**RECORDS FOR THIS EXERCISE:**

lemma card_exchange_pairs:
  assumes "{i1, i2, j1, j2} \<subseteq> {1..n}" and "2 \<le> n" and "0 < r"
  shows "card (exchange_pairs n r i1 i2 j1 j2) =
           of_bool (i1 = j1 \<and> i2 = j2) * ((n - 2) choose (r - 1))
         + of_bool (i1 = j2 \<and> i2 = j1) * ((n - 2) choose r)"
proof -
  consider (equal) "i1 = i2" "i2 = j1" "j1 = j2"
    | (transposed) "i1 = j2" "i2 = j1" "i1 \<noteq> i2"
    | (identical) "i1 = j1" "i2 = j2" "i1 \<noteq> i2"
    | (neither) "\<not> (i1 = j1 \<and> i2 = j2)" "\<not> (i1 = j2 \<and> i2 = j1)"
    by blast
  then show ?thesis
  proof cases
    case equal
    then show ?thesis
      using assms card_exchange_pairs_transposed[of i1 i1 n r] choose_pred_pascal[of n r] by simp
  next
    case transposed
    then show ?thesis
      using assms card_exchange_pairs_transposed[of i1 i2 n r] by (simp add: numeral_2_eq_2)
  next
    case identical
    then show ?thesis
      using assms card_exchange_pairs_identical[of i1 n i2 r] by simp
  next
    case neither
    then show ?thesis
      by (simp add: exchange_pairs_empty)
  qed
qed

lemma exchange_summand_eq_indicator:
  assumes "a \<in> incr_seqs n r" and "b \<in> incr_seqs n r"
    and "i1 \<notin> set a" and "j1 \<notin> set a" and "i2 \<notin> set b" and "j2 \<notin> set b"
  shows "seq_sgn (i1 # a) * seq_sgn (j1 # a) * (seq_sgn (i2 # b) * seq_sgn (j2 # b))
           * of_bool (sort (i2 # b) = sort (j1 # a) \<and> sort (i1 # a) = sort (j2 # b))
         = of_bool ((a, b) \<in> exchange_pairs n r i1 i2 j1 j2)"
proof -
  have distinct: "distinct (i1 # a)" "distinct (j1 # a)" "distinct (i2 # b)" "distinct (j2 # b)"
    using assms by (auto dest: incr_seqs_distinct)
  have sorts_iff: "(sort (i2 # b) = sort (j1 # a) \<and> sort (i1 # a) = sort (j2 # b))
      \<longleftrightarrow> (a, b) \<in> exchange_pairs n r i1 i2 j1 j2"
    unfolding sort_eq_iff_set_eq[OF distinct(3,2)] sort_eq_iff_set_eq[OF distinct(1,4)]
    using assms by (simp add: exchange_pairs_def)
  have "seq_sgn (i1 # a) * seq_sgn (j1 # a) * (seq_sgn (i2 # b) * seq_sgn (j2 # b)) = 1"
    if ab: "(a, b) \<in> exchange_pairs n r i1 i2 j1 j2"
  proof -
    have exchange: "insert i2 (set b) = insert j1 (set a)" "insert i1 (set a) = insert j2 (set b)"
      using ab by (auto simp: exchange_pairs_def)
    from insert_exchange_cases[OF exchange assms(3-6)]
    show ?thesis
    proof
      assume "i1 = j1 \<and> i2 = j2"
      then show ?thesis
        using seq_sgn_mult_self[OF distinct(1)] seq_sgn_mult_self[OF distinct(3)] by simp
    next
      assume swap: "i1 = j2 \<and> i2 = j1"
      then have "set a = set b"
        using exchange(2) assms(3,6) by (simp add: insert_ident)
      then have "b = a"
        using assms(1,2) by (auto intro: incr_seqs_eqI)
      then show ?thesis
        using swap seq_sgn_mult_self[OF distinct(1)] seq_sgn_mult_self[OF distinct(3)]
        by (simp add: mult.assoc mult.left_commute)
    qed
  qed
  with sorts_iff show ?thesis
    by auto
qed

**ASSIGNED TASK:** Your answer should be a single number, namely how many lines of the data above hold "equal".

**ANSWER FOR THE TASK:** 2